▸ **Instructions to follow**:
When a line in the entries below contains the word "imports", copy that line.

▸ **Entries provided**:
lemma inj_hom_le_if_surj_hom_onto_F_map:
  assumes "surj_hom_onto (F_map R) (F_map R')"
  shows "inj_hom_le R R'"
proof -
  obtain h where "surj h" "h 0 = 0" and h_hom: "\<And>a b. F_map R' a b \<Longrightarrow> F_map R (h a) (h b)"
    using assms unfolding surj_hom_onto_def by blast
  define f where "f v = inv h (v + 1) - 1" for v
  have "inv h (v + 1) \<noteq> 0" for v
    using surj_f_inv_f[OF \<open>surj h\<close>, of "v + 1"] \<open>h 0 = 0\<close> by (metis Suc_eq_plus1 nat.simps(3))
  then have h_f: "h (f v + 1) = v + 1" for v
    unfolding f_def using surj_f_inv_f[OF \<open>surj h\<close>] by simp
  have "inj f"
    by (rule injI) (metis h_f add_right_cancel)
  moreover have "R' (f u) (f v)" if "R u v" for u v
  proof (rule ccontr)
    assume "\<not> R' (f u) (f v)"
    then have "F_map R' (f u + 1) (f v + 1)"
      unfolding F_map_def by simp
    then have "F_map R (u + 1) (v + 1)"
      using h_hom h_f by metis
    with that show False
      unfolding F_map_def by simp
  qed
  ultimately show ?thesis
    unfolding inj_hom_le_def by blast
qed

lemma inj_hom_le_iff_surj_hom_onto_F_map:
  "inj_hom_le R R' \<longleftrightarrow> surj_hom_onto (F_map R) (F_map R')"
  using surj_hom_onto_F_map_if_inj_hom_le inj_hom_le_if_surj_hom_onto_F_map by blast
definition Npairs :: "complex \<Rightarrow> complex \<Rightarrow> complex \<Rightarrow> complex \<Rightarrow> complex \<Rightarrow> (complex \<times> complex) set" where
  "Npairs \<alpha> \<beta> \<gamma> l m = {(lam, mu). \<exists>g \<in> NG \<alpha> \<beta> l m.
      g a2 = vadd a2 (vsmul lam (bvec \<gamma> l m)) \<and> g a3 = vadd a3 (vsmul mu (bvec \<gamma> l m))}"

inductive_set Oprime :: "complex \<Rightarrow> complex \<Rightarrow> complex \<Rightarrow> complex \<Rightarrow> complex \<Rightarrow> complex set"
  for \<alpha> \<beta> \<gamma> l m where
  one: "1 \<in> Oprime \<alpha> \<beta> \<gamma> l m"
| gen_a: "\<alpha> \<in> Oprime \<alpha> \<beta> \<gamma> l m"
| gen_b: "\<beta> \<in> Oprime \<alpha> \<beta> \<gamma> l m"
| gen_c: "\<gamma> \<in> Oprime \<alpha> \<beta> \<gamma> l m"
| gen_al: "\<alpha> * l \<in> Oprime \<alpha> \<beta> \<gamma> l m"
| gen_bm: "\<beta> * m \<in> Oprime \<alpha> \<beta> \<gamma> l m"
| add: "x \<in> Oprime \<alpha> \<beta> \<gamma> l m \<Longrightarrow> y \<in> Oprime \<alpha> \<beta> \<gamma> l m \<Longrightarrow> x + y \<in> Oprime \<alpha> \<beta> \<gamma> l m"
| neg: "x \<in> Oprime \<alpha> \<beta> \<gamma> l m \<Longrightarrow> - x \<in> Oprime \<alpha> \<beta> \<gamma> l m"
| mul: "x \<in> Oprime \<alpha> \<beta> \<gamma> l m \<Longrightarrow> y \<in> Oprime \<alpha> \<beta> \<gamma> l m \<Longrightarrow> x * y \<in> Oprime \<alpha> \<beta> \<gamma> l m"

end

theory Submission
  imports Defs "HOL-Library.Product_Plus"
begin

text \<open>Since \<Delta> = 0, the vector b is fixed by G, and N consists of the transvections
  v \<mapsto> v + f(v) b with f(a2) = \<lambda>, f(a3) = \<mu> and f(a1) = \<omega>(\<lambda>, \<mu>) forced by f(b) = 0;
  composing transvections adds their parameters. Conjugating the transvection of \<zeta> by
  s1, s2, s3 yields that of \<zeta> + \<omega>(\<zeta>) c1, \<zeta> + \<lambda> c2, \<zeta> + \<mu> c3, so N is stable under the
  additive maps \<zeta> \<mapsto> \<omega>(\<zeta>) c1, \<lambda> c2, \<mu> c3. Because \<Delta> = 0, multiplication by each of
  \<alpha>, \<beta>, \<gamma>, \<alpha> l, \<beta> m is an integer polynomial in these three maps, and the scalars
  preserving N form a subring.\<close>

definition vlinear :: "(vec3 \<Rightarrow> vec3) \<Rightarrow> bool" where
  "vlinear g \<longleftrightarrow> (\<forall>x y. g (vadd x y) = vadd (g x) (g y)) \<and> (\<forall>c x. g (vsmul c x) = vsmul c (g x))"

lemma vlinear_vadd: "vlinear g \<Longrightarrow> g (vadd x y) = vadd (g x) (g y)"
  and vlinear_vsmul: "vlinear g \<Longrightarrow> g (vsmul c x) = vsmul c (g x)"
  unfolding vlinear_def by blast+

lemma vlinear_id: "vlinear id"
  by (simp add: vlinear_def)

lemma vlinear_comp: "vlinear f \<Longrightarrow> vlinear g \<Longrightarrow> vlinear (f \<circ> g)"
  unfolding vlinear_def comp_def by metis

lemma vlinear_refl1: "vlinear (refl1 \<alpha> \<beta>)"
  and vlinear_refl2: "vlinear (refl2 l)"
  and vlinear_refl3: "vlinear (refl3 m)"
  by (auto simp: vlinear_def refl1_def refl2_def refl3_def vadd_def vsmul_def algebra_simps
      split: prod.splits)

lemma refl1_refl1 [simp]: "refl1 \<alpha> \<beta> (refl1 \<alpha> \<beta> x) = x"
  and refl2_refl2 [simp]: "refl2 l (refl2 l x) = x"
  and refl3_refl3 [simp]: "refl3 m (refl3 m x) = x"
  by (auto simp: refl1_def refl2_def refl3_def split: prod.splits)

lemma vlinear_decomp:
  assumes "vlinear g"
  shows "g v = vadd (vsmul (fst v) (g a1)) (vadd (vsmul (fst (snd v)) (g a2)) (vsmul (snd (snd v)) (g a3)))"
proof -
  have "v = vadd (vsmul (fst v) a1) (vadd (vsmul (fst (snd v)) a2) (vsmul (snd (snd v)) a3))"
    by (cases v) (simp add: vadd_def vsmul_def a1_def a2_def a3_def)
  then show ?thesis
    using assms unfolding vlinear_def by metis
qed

==

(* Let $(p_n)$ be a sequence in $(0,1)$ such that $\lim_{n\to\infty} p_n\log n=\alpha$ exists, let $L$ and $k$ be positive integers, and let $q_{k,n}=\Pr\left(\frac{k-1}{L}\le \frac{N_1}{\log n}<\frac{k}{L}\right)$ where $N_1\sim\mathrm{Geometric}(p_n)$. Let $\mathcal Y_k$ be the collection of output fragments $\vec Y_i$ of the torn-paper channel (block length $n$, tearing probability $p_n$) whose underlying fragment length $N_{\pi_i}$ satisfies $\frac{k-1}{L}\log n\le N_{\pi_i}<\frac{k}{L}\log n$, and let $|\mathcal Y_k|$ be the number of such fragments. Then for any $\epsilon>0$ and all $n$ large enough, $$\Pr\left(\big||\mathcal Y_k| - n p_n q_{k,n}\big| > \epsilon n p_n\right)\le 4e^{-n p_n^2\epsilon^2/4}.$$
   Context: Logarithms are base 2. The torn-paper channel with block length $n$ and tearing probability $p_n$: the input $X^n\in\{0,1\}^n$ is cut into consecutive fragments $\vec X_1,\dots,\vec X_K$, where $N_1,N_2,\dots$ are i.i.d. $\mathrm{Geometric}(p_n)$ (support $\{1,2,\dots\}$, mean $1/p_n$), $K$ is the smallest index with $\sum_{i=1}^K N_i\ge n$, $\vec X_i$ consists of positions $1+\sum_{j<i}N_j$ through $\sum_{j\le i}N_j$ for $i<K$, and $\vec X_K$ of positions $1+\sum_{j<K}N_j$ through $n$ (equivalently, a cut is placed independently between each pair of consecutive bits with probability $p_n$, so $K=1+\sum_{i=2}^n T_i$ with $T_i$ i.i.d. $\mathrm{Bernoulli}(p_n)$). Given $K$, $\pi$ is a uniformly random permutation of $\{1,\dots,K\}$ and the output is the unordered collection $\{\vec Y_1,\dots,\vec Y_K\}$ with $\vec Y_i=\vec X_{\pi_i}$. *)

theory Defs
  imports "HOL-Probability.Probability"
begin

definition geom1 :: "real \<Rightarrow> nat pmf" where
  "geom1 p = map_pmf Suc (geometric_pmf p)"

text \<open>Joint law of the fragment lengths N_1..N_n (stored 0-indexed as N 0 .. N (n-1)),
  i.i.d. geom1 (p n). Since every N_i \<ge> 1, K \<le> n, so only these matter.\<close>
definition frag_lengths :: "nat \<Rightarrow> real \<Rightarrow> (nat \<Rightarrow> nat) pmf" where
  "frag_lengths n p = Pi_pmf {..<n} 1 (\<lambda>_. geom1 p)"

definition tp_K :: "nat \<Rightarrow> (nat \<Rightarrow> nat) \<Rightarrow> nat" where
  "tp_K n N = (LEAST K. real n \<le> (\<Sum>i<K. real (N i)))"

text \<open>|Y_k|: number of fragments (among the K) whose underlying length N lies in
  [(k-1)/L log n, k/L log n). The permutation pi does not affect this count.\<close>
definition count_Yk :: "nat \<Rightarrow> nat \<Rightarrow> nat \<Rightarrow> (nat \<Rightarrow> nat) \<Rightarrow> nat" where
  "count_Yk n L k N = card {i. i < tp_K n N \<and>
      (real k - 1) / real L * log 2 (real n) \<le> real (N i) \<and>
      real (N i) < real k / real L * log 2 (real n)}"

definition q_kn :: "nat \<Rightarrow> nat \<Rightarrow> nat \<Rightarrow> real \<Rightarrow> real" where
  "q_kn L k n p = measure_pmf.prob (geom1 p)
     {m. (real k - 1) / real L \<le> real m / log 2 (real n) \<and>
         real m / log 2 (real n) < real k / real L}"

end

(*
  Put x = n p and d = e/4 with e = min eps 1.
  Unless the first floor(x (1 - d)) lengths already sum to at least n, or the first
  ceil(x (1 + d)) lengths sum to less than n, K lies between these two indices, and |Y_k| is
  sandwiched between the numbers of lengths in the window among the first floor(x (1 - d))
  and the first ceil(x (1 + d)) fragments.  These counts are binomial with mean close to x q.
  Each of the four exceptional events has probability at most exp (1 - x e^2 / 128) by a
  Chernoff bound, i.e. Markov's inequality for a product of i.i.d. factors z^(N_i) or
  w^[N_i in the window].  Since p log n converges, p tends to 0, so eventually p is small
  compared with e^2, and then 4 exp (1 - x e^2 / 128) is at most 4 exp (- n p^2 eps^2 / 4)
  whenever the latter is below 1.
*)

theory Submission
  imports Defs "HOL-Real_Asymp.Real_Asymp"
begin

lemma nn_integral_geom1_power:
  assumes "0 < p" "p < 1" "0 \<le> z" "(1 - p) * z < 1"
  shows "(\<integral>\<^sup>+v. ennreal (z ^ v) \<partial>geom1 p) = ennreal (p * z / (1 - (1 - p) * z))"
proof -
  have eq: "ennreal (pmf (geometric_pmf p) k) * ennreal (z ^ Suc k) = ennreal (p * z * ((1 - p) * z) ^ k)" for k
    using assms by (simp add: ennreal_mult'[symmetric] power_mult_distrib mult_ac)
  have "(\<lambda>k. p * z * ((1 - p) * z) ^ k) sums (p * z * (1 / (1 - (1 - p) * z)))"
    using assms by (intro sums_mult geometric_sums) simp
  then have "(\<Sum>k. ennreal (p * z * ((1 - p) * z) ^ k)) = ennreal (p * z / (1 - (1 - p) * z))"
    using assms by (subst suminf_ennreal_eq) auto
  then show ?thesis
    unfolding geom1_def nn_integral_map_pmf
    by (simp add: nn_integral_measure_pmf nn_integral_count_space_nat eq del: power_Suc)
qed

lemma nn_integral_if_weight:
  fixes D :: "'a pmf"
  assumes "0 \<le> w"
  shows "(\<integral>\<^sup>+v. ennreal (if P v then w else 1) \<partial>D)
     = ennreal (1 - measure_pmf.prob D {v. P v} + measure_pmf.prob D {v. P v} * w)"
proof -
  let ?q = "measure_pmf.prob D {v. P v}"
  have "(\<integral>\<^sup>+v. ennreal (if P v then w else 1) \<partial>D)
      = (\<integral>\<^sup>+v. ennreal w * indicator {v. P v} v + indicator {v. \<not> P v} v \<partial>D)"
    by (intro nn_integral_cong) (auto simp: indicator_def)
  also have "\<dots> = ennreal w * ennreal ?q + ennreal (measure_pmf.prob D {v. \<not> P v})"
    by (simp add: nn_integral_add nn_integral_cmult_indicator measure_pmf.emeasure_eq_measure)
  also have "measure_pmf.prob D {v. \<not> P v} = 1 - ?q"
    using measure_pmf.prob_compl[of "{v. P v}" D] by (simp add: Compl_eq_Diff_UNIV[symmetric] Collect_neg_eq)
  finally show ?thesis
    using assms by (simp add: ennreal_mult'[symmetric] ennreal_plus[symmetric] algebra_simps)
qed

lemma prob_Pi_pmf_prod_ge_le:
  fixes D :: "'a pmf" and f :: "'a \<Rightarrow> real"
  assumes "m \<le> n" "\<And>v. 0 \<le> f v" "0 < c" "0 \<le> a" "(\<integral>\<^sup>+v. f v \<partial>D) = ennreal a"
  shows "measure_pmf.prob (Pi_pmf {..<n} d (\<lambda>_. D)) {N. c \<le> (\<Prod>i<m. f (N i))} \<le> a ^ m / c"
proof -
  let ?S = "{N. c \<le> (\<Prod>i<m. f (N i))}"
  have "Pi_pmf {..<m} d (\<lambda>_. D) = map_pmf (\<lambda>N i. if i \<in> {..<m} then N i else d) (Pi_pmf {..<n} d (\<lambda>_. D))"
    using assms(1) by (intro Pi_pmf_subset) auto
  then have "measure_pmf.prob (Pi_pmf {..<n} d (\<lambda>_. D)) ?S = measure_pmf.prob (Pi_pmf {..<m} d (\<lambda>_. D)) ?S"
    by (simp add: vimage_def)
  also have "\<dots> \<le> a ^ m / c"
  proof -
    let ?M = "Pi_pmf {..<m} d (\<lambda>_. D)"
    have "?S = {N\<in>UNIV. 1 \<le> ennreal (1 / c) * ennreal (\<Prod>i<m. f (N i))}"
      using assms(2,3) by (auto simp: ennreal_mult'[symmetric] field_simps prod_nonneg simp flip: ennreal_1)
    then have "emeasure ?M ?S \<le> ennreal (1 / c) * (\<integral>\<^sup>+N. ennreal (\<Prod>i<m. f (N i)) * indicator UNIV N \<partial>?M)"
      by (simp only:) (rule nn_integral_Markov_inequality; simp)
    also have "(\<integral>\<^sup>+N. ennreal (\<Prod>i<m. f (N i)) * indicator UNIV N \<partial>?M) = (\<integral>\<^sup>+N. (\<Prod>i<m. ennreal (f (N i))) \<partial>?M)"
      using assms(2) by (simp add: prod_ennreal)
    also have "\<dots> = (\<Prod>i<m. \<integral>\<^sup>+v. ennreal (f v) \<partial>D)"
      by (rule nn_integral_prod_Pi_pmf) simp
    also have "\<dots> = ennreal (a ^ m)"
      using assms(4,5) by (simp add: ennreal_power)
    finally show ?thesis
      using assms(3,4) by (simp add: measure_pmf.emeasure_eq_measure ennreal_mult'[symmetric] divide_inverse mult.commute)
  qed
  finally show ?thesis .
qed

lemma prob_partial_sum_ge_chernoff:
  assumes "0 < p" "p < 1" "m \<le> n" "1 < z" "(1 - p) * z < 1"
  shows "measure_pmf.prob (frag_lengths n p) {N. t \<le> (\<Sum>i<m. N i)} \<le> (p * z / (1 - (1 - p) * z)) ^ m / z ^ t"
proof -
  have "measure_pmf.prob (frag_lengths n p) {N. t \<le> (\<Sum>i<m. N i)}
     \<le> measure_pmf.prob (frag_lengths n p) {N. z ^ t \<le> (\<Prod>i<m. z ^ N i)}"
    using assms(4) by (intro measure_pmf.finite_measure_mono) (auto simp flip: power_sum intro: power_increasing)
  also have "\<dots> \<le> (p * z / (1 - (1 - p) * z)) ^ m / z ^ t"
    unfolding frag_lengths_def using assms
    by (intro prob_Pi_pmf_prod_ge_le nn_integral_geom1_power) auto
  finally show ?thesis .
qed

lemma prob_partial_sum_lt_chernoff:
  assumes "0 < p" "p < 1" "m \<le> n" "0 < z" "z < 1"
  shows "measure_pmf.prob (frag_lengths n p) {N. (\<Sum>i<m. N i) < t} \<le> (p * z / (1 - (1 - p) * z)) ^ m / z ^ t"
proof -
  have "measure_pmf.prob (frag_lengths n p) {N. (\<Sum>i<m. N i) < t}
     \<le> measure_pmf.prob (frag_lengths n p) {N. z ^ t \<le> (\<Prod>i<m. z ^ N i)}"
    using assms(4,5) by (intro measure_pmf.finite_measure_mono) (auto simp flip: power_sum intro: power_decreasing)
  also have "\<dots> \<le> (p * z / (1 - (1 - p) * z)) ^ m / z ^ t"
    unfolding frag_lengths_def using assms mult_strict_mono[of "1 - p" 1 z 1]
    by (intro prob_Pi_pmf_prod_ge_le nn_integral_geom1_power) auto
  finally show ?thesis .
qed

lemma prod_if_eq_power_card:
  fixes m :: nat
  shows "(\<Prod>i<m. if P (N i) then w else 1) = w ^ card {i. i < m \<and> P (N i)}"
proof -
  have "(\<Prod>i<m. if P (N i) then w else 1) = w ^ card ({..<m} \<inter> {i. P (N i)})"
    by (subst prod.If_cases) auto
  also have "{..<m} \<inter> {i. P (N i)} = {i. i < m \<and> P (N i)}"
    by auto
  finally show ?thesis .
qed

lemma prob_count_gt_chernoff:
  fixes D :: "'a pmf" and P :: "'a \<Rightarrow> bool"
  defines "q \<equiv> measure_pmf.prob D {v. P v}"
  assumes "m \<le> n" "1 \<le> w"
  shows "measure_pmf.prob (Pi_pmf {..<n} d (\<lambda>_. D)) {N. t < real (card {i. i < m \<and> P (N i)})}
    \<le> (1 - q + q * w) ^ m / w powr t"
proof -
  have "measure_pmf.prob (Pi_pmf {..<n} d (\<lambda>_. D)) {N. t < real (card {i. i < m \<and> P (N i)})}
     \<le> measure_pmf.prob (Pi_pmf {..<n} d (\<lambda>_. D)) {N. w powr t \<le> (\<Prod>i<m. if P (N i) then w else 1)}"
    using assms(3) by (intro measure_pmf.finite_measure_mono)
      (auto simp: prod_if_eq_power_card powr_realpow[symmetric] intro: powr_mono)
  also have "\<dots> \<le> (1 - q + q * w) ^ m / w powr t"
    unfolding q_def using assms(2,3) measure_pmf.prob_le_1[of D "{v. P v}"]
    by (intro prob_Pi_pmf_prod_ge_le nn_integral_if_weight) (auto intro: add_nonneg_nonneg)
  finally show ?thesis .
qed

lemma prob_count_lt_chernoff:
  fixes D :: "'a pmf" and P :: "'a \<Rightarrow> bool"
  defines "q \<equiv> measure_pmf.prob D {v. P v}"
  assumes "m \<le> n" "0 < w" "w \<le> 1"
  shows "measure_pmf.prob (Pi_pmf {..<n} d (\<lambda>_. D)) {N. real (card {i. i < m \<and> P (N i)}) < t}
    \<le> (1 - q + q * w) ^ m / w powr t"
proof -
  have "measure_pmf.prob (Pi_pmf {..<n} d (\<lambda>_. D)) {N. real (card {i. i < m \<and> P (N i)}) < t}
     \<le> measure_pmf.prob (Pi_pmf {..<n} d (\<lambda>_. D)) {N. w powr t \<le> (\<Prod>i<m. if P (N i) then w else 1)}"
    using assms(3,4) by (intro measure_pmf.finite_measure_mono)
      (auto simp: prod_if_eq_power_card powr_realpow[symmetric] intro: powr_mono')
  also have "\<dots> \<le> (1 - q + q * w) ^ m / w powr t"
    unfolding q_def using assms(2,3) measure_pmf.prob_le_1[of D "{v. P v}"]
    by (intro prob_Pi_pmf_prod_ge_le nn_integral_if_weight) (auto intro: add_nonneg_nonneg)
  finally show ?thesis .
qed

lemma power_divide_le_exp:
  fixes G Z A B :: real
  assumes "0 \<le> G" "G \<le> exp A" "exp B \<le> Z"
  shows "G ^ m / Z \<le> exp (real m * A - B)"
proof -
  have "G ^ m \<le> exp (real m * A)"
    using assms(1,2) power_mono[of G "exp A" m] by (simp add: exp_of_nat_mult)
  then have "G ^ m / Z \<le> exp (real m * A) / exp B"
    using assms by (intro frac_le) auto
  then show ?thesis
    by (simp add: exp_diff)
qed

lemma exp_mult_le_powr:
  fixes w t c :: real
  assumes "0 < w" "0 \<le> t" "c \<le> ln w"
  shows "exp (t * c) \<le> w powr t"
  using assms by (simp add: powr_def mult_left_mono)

▸ **Response**:
  imports Defs "HOL-Library.Product_Plus"
  imports "HOL-Probability.Probability"
  imports Defs "HOL-Real_Asymp.Real_Asymp"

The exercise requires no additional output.